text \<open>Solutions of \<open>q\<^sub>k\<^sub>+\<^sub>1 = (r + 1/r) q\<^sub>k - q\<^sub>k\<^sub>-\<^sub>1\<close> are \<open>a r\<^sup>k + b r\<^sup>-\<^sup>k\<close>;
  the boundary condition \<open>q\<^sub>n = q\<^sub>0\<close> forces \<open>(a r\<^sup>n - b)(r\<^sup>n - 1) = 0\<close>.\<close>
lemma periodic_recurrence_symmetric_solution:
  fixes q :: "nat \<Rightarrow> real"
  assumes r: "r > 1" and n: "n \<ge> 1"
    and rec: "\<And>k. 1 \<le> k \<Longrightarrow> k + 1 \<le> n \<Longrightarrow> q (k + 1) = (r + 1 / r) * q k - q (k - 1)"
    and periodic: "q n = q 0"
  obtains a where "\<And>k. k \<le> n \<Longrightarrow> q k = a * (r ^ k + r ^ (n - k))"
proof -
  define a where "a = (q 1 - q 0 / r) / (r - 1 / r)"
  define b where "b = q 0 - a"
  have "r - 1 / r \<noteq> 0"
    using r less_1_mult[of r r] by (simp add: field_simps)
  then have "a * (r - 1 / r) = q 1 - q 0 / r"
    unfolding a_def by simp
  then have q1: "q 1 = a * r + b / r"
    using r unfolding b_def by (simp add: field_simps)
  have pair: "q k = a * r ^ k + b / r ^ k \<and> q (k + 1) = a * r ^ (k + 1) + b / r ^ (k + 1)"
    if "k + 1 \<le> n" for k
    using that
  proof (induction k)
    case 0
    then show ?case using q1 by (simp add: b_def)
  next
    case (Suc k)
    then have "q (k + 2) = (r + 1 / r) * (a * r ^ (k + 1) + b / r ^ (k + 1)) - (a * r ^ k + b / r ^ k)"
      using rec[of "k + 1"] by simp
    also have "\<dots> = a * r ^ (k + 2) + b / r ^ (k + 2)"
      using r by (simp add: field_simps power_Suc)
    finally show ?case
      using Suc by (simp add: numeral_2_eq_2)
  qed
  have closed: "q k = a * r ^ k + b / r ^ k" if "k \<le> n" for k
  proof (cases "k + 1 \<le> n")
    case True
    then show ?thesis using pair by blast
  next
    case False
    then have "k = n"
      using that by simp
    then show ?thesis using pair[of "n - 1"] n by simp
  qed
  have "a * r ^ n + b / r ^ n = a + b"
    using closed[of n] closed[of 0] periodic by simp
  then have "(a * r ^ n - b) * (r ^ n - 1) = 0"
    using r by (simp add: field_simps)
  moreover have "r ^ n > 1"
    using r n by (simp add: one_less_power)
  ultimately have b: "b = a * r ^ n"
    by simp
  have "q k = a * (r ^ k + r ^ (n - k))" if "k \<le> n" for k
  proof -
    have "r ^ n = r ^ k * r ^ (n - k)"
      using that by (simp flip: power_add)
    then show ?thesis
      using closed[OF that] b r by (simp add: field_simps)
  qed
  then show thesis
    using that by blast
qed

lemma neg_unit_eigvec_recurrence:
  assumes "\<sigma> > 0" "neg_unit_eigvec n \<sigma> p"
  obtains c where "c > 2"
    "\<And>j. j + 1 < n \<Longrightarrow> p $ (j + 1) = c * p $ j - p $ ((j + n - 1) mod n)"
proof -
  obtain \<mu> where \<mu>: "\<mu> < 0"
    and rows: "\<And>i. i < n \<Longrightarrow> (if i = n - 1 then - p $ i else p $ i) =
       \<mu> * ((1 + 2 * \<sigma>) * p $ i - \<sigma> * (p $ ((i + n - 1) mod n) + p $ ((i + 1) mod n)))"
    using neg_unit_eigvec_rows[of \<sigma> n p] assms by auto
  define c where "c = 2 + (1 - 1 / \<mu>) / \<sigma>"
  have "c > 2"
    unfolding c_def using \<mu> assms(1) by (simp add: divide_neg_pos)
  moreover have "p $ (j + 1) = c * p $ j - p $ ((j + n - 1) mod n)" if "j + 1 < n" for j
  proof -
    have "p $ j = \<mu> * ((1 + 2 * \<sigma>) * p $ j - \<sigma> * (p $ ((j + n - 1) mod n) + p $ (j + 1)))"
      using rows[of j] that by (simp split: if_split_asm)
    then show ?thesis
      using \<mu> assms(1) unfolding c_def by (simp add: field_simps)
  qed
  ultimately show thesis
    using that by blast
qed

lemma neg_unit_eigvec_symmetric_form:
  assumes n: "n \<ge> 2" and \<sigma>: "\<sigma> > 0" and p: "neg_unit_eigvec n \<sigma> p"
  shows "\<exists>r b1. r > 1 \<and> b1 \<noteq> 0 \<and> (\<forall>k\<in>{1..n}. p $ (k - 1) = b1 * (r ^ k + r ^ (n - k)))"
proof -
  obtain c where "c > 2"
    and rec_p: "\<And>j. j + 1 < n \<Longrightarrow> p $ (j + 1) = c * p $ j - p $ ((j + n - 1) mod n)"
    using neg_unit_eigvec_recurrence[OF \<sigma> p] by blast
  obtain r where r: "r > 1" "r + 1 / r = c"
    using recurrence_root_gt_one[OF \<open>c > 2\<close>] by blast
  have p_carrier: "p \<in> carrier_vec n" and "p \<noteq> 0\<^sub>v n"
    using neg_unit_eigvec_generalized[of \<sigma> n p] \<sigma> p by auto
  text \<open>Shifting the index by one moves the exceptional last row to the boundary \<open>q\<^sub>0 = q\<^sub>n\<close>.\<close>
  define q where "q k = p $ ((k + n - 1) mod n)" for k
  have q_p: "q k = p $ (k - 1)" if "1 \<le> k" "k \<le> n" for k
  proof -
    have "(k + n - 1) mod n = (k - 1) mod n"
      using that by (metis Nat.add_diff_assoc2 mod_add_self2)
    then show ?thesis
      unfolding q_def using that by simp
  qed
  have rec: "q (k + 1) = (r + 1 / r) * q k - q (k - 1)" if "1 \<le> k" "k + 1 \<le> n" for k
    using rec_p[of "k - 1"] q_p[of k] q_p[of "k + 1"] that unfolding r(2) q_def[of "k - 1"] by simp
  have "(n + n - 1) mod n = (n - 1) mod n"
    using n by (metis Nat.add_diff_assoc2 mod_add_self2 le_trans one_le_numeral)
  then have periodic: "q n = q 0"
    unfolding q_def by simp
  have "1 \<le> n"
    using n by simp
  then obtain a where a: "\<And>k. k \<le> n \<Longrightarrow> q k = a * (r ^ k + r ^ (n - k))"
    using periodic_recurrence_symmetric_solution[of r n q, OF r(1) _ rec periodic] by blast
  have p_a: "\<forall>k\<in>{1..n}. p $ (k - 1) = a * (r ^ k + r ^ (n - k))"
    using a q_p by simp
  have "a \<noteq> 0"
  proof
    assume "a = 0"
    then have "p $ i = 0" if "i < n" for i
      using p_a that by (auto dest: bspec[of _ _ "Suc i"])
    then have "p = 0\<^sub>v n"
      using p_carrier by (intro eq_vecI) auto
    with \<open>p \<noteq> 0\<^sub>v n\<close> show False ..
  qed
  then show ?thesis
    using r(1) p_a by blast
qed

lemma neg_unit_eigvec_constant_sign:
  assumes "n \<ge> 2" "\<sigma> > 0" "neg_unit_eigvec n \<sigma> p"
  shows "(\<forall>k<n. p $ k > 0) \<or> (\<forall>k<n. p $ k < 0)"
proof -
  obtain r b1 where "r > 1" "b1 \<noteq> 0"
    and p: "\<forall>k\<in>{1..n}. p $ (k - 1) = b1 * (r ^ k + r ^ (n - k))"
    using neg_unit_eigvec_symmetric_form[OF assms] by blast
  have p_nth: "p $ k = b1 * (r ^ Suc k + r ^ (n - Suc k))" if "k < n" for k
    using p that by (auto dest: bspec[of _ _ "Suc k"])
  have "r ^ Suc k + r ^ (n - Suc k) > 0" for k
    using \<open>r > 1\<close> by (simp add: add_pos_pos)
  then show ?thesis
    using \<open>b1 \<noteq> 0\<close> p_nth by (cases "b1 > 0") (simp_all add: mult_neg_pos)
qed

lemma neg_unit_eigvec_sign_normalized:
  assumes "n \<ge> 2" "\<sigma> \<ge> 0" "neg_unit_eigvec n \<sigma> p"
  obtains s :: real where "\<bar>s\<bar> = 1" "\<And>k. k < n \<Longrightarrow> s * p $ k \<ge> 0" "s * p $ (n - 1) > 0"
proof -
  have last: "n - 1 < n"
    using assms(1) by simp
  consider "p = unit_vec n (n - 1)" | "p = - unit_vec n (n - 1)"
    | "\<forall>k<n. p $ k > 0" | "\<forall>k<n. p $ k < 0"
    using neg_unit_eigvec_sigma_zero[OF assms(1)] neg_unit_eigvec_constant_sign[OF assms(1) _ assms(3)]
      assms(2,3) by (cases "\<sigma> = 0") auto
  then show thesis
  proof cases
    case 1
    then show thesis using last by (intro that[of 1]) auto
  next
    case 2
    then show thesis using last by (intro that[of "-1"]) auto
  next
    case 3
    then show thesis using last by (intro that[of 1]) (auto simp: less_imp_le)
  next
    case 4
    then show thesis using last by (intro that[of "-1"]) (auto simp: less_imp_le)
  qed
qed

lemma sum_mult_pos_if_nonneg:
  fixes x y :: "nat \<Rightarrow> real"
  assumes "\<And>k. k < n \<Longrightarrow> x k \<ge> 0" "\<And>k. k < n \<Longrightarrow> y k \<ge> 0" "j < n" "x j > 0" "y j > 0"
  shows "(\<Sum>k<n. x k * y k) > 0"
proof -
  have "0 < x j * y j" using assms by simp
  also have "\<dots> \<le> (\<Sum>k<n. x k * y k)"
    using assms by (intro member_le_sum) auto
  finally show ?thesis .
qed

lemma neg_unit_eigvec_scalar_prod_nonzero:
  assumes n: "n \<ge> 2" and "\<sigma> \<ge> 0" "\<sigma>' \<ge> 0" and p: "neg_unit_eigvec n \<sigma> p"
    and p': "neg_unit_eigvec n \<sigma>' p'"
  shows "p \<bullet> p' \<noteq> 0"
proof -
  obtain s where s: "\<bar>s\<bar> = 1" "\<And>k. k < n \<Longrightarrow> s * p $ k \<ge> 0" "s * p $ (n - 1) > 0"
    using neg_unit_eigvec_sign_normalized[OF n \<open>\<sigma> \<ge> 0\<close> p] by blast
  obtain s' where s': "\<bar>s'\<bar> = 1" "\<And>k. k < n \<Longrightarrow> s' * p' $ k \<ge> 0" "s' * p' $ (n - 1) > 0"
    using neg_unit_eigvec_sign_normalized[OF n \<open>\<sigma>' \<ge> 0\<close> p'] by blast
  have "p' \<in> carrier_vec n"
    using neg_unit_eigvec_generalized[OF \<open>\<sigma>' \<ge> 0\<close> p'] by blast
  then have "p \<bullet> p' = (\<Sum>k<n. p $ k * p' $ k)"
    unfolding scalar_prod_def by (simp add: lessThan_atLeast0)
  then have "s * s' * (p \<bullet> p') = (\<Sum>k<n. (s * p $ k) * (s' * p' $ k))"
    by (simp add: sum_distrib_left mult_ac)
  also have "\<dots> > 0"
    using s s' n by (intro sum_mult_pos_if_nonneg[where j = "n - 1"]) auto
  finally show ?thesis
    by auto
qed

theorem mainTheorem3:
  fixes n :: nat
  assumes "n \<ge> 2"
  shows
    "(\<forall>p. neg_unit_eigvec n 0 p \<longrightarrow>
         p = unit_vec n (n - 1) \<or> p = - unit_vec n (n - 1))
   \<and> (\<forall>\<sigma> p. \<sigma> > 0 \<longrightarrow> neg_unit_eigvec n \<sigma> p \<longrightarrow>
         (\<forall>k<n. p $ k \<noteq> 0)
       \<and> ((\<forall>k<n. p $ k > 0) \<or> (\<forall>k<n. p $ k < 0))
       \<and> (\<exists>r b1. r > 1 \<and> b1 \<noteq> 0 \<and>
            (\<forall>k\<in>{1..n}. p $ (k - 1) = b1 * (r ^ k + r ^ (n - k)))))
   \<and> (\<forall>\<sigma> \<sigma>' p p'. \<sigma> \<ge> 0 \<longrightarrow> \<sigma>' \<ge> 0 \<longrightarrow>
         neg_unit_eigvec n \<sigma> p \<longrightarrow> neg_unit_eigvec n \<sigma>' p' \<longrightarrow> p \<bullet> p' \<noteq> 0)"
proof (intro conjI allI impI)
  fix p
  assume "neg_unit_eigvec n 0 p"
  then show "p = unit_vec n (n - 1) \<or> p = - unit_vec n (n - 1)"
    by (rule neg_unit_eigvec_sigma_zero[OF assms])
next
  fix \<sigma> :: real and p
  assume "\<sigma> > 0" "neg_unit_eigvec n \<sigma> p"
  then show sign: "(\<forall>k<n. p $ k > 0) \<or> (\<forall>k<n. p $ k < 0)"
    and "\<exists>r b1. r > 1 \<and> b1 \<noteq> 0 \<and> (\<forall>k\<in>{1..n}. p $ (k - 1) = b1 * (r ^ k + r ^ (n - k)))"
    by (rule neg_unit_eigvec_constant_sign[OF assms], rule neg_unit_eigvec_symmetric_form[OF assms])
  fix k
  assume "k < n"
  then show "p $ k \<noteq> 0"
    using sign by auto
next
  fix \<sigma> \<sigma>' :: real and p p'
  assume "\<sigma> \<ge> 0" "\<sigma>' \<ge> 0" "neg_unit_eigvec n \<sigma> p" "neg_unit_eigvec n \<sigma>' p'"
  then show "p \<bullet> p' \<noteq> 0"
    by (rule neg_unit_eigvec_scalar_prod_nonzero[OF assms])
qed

===

**What needs to be done**
Lines holding the word "exists" in the entries above are the ones to pull out. Copy them all.

**Reply**
  shows "\<exists>r b1. r > 1 \<and> b1 \<noteq> 0 \<and> (\<forall>k\<in>{1..n}. p $ (k - 1) = b1 * (r ^ k + r ^ (n - k)))"
       \<and> (\<exists>r b1. r > 1 \<and> b1 \<noteq> 0 \<and>
    and "\<exists>r b1. r > 1 \<and> b1 \<noteq> 0 \<and> (\<forall>k\<in>{1..n}. p $ (k - 1) = b1 * (r ^ k + r ^ (n - k)))"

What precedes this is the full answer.